About this exercise =>
The entries below contain a line with "M 0 2 * (M 1" and a line with "If it is a3". Quote exactly those two lines and all lines between them.

Given data =>
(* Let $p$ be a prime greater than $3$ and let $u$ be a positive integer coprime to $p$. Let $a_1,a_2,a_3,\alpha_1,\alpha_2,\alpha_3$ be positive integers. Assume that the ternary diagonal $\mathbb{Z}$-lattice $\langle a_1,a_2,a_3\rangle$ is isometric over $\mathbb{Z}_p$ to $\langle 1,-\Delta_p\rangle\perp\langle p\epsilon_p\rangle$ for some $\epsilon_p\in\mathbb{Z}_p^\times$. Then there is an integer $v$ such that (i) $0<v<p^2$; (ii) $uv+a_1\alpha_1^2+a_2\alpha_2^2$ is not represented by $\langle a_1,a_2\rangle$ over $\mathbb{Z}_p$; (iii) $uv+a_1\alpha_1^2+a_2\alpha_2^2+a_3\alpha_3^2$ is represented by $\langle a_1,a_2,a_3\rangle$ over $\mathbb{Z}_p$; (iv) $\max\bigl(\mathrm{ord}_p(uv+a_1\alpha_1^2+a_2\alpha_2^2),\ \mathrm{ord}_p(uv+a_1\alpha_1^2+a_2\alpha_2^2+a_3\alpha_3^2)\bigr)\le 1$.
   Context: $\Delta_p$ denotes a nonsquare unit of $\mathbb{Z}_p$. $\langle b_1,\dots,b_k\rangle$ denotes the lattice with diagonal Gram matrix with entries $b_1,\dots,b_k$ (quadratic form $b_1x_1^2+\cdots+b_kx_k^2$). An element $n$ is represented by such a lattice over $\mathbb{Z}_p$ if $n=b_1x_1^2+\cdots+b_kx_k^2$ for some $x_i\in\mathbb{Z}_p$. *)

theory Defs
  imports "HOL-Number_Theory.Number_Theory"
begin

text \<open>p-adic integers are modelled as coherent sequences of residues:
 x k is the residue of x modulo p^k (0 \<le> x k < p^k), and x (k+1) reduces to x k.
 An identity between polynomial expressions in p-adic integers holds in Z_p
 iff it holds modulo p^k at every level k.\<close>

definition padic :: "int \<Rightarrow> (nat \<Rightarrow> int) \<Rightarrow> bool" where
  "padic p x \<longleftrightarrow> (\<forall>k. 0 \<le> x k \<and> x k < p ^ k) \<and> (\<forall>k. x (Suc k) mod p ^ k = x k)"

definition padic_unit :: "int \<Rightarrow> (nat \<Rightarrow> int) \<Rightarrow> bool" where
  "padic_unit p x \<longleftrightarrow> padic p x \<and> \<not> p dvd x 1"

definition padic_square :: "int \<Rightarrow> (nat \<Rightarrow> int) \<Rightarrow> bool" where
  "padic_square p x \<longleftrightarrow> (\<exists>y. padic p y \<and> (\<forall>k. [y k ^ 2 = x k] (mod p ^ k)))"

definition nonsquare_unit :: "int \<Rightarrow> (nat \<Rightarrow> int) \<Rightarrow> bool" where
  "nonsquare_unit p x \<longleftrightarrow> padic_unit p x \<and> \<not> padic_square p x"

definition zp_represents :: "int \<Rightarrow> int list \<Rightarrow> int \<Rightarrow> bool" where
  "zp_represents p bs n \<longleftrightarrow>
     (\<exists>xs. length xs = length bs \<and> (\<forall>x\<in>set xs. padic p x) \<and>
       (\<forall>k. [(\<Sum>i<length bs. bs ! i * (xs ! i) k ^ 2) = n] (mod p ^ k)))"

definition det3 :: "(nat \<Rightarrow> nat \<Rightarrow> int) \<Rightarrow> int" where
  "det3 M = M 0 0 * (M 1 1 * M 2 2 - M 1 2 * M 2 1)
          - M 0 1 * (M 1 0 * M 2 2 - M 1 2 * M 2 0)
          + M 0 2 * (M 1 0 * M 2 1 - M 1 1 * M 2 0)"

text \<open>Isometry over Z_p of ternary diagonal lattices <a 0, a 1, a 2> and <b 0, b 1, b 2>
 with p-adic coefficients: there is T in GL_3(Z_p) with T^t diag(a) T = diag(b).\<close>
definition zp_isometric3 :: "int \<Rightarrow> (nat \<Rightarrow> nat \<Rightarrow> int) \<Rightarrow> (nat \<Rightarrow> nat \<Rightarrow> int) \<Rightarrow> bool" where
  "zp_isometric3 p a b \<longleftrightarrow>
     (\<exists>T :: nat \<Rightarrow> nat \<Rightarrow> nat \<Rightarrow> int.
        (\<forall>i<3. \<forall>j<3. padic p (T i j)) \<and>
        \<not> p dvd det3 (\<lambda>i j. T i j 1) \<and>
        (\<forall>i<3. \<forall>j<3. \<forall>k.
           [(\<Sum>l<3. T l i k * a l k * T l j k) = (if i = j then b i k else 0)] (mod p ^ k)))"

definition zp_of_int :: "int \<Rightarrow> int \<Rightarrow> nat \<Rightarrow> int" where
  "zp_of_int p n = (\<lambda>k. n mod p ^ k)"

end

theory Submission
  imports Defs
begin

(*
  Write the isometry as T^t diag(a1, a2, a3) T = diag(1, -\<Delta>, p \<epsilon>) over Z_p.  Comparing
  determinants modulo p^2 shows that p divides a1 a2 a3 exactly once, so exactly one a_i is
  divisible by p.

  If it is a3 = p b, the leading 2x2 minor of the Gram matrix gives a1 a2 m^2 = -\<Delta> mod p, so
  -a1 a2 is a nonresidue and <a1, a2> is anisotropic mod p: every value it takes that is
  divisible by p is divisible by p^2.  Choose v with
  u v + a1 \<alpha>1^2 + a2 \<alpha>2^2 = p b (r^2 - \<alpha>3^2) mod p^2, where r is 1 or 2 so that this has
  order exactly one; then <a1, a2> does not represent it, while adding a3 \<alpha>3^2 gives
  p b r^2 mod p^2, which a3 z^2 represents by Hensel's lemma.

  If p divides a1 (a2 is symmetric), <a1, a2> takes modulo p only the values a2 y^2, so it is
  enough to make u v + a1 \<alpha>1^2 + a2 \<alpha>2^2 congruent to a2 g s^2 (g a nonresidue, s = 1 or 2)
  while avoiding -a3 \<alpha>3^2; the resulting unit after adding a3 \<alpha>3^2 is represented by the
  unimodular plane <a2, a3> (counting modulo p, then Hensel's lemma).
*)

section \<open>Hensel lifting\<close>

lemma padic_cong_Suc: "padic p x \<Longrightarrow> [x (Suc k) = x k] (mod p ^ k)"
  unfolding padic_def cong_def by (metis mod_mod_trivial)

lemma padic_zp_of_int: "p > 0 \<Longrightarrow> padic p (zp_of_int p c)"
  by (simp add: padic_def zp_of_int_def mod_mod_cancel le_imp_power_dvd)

---

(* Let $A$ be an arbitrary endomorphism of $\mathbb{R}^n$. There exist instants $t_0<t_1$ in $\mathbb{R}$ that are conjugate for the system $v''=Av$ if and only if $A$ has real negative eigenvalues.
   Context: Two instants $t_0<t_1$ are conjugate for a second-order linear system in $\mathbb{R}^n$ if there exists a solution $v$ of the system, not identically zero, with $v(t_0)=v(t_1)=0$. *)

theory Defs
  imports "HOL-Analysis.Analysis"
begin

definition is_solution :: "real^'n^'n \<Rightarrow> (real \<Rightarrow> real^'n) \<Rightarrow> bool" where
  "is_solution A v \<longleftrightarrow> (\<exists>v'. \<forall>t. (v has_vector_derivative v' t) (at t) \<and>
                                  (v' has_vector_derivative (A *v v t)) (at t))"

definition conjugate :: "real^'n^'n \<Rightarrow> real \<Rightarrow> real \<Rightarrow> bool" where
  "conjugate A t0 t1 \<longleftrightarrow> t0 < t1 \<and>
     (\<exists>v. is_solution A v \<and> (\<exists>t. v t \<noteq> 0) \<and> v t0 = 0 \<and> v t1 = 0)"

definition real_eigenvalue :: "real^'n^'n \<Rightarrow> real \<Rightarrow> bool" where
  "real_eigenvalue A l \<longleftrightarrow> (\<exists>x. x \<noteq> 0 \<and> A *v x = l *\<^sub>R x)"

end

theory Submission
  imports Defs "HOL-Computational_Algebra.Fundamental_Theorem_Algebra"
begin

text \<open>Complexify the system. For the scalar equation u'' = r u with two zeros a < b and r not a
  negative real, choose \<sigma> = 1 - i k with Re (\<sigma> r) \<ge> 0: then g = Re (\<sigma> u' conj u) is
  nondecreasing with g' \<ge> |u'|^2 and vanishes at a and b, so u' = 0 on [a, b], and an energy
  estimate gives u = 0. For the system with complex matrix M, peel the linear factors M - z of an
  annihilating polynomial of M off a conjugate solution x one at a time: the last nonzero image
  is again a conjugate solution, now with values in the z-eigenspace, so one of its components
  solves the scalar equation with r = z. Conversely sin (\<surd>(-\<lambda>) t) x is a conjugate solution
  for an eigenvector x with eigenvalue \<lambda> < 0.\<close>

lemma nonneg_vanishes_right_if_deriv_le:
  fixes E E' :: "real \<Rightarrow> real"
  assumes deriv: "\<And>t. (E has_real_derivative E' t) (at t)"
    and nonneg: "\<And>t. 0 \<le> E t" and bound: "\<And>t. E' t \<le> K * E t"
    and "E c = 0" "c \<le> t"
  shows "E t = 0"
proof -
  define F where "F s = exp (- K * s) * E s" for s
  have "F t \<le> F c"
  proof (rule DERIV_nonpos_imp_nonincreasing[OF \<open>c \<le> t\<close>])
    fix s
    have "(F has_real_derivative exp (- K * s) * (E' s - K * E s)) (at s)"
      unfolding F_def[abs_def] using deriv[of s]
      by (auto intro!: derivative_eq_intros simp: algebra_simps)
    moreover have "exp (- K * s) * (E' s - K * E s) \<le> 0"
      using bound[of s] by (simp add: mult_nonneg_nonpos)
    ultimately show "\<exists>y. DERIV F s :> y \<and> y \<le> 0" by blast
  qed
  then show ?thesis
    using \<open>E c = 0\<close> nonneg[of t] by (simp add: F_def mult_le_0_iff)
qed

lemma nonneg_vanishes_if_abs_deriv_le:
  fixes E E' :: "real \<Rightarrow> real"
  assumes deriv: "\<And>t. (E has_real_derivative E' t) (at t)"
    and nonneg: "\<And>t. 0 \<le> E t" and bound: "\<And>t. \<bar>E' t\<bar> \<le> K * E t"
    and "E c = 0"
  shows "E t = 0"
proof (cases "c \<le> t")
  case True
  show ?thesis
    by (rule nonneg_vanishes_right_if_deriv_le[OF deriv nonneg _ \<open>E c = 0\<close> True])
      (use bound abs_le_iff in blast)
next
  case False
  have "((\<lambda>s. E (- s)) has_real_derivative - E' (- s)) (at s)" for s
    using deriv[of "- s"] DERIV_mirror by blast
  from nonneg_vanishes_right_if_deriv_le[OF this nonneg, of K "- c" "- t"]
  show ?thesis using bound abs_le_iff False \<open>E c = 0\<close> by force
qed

Answer to the exercise =>
          + M 0 2 * (M 1 0 * M 2 1 - M 1 1 * M 2 0)"

text \<open>Isometry over Z_p of ternary diagonal lattices <a 0, a 1, a 2> and <b 0, b 1, b 2>
 with p-adic coefficients: there is T in GL_3(Z_p) with T^t diag(a) T = diag(b).\<close>
definition zp_isometric3 :: "int \<Rightarrow> (nat \<Rightarrow> nat \<Rightarrow> int) \<Rightarrow> (nat \<Rightarrow> nat \<Rightarrow> int) \<Rightarrow> bool" where
  "zp_isometric3 p a b \<longleftrightarrow>
     (\<exists>T :: nat \<Rightarrow> nat \<Rightarrow> nat \<Rightarrow> int.
        (\<forall>i<3. \<forall>j<3. padic p (T i j)) \<and>
        \<not> p dvd det3 (\<lambda>i j. T i j 1) \<and>
        (\<forall>i<3. \<forall>j<3. \<forall>k.
           [(\<Sum>l<3. T l i k * a l k * T l j k) = (if i = j then b i k else 0)] (mod p ^ k)))"

definition zp_of_int :: "int \<Rightarrow> int \<Rightarrow> nat \<Rightarrow> int" where
  "zp_of_int p n = (\<lambda>k. n mod p ^ k)"

end

theory Submission
  imports Defs
begin

(*
  Write the isometry as T^t diag(a1, a2, a3) T = diag(1, -\<Delta>, p \<epsilon>) over Z_p.  Comparing
  determinants modulo p^2 shows that p divides a1 a2 a3 exactly once, so exactly one a_i is
  divisible by p.

  If it is a3 = p b, the leading 2x2 minor of the Gram matrix gives a1 a2 m^2 = -\<Delta> mod p, so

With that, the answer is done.